Setting up an atomistic total energy calculation or molecular dynamics simulation with ASE is simple and straightforward. The python scripts are almost self-explanatory and look like well commented input files to an atomistic simulation program.
Flexibility in use.
Since ASE is based on the python scripting language it is possible without any code modifications to perform very complicated simulation tasks. For example a sequence of calculations may be performed with the use of simple "for-loop" constructions or simulations of different types (DFT and classical molecular dynamics) may be coupled together.
Simplicity in development
The ASE defines a set of interfaces for different objects, i.e. an "atom" object is required to posses a method with the name "GetCartesianPosition" which returns the Cartesian coordinates of the atom. By following a few such standard interfaces it is easy for new users to get access to all of the functionality of ASE.

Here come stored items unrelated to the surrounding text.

definition mes_step :: "'v set \<Rightarrow> 'p set \<Rightarrow> ('p \<Rightarrow> real) \<Rightarrow> ('v \<Rightarrow> 'p set)
    \<Rightarrow> 'p set \<times> ('v \<Rightarrow> real) \<Rightarrow> 'p set \<times> ('v \<Rightarrow> real) \<Rightarrow> bool" where
  "mes_step N P cost A s s' \<longleftrightarrow>
     (\<exists>t \<rho>. t \<in> P - fst s \<and> affordable N cost A (snd s) \<rho> t \<and>
        (\<forall>t'\<in>P - fst s. \<forall>\<rho>'. affordable N cost A (snd s) \<rho>' t' \<longrightarrow> \<rho> \<le> \<rho>') \<and>
        s' = (insert t (fst s),
              (\<lambda>i. if i \<in> supporters N A t then snd s i - min (snd s i) \<rho> else snd s i)))"

definition mes_terminal :: "'v set \<Rightarrow> 'p set \<Rightarrow> ('p \<Rightarrow> real) \<Rightarrow> ('v \<Rightarrow> 'p set)
    \<Rightarrow> 'p set \<times> ('v \<Rightarrow> real) \<Rightarrow> bool" where
  "mes_terminal N P cost A s \<longleftrightarrow>
     \<not> (\<exists>t\<in>P - fst s. \<exists>\<rho>. affordable N cost A (snd s) \<rho> t)"

text \<open>W is a possible output of MES (for some tie-breaking).\<close>
definition mes_outcome :: "'v set \<Rightarrow> 'p set \<Rightarrow> real \<Rightarrow> ('p \<Rightarrow> real)
    \<Rightarrow> ('v \<Rightarrow> 'p set) \<Rightarrow> 'p set \<Rightarrow> bool" where
  "mes_outcome N P B cost A W \<longleftrightarrow>
     (\<exists>l. (mes_step N P cost A)\<^sup>*\<^sup>* ({}, (\<lambda>i. B / real (card N))) (W, l) \<and>
          mes_terminal N P cost A (W, l))"

end

theory Submission
  imports Defs
begin
lemma overfull_contract:
  assumes "overfull E" "{s\<in>E. v \<in> s} = {{v, a}, {v, b}}" "a \<noteq> b" "a \<noteq> v" "b \<noteq> v" "{a, b} \<notin> E"
  defines "E' \<equiv> insert {a, b} (E - {{v, a}, {v, b}})"
  shows "overfull E'" "v \<notin> L E'" "card E' < card E"
proof -
  have fin: "finite E" and two: "\<forall>s\<in>E. card s = 2" and le: "card (L E) \<le> card E"
    using assms(1) by (simp_all add: overfull_def)
  have edges: "{v, a} \<in> E" "{v, b} \<in> E" "{v, a} \<noteq> {v, b}"
    using assms(2,3) by (auto simp: doubleton_eq_iff)
  have "v \<notin> s" if "s \<in> E" "s \<noteq> {v, a}" "s \<noteq> {v, b}" for s
    using assms(2) that by blast
  then have LE': "L E' \<subseteq> L E - {v}"
    using edges assms(4,5) unfolding E'_def L_def by auto
  then show "v \<notin> L E'" by blast
  have "v \<in> L E" using edges(1) by (auto simp: L_def)
  then have "card (L E') \<le> card (L E) - 1"
    using card_mono[OF _ LE'] finite_L_two_subsets[OF fin two] by simp
  moreover have card_E': "card E' = card E - 1"
  proof -
    have "card {{v, a}, {v, b}} \<le> card E" using edges fin by (intro card_mono) auto
    then show ?thesis
      using edges fin assms(6) unfolding E'_def by (simp add: card_Diff_subset)
  qed
  moreover have "card {a, b} = 2" using assms(3) by simp
  ultimately show "overfull E'"
    using fin two le unfolding E'_def overfull_def by auto
  have "card E \<noteq> 0" using edges(1) fin by auto
  then show "card E' < card E" using card_E' by simp
qed

lemma overfull_Diff_pendant_edge:
  assumes "overfull E" "v \<in> L E" "degree E v \<le> 1"
  shows "\<exists>e\<in>E. overfull (E - {e})"
proof -
  have fin: "finite E" and two: "\<forall>s\<in>E. card s = 2" and le: "card (L E) \<le> card E"
    using assms(1) by (simp_all add: overfull_def)
  obtain e where e: "e \<in> E" "v \<in> e" and only: "\<forall>s\<in>E. v \<in> s \<longrightarrow> s = e"
    using unique_edge_if_degree_le_1[OF fin assms(2,3)] by blast
  have "L (E - {e}) \<subseteq> L E - {v}" using only by (auto simp: L_def)
  also have "\<dots> \<subset> L E" using assms(2) by blast
  finally have "card (L (E - {e})) < card (L E)"
    using finite_L_two_subsets[OF fin two] by (rule psubset_card_mono[rotated])
  then show ?thesis using overfull_Diff_edge[OF assms(1) e(1)] le e(1) by auto
qed

lemma overfull_Diff_edge_if_sparse:
  assumes "overfull E" "3 * card (L E) \<le> 2 * card E" "e \<in> E"
  shows "overfull (E - {e})"
proof -
  have "2 \<le> card (L E)" using assms(1,3) two_le_card_L by (auto simp: overfull_def)
  moreover have "card (L (E - {e})) \<le> card (L E)"
    using assms(1) finite_L_two_subsets by (intro card_mono) (auto simp: overfull_def L_def)
  ultimately show ?thesis using overfull_Diff_edge[OF assms(1,3)] assms(2) by simp
qed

Flexibility in development
The python code in ASE is structured in different modules intended for different purposes. There are "DFT-calculators" for performing DFT calculations, "dynamics" for controlling the motion of atoms, "filters" for constraining motion or performing nudged-elastic-band calculations etc. The modularity of the code and the documented interfaces make it simple to contribute new functionality to ASE.
Open to participation
All of the code in ASE is carrying the GNU General Public License and people are invited to participate in using and developing the code.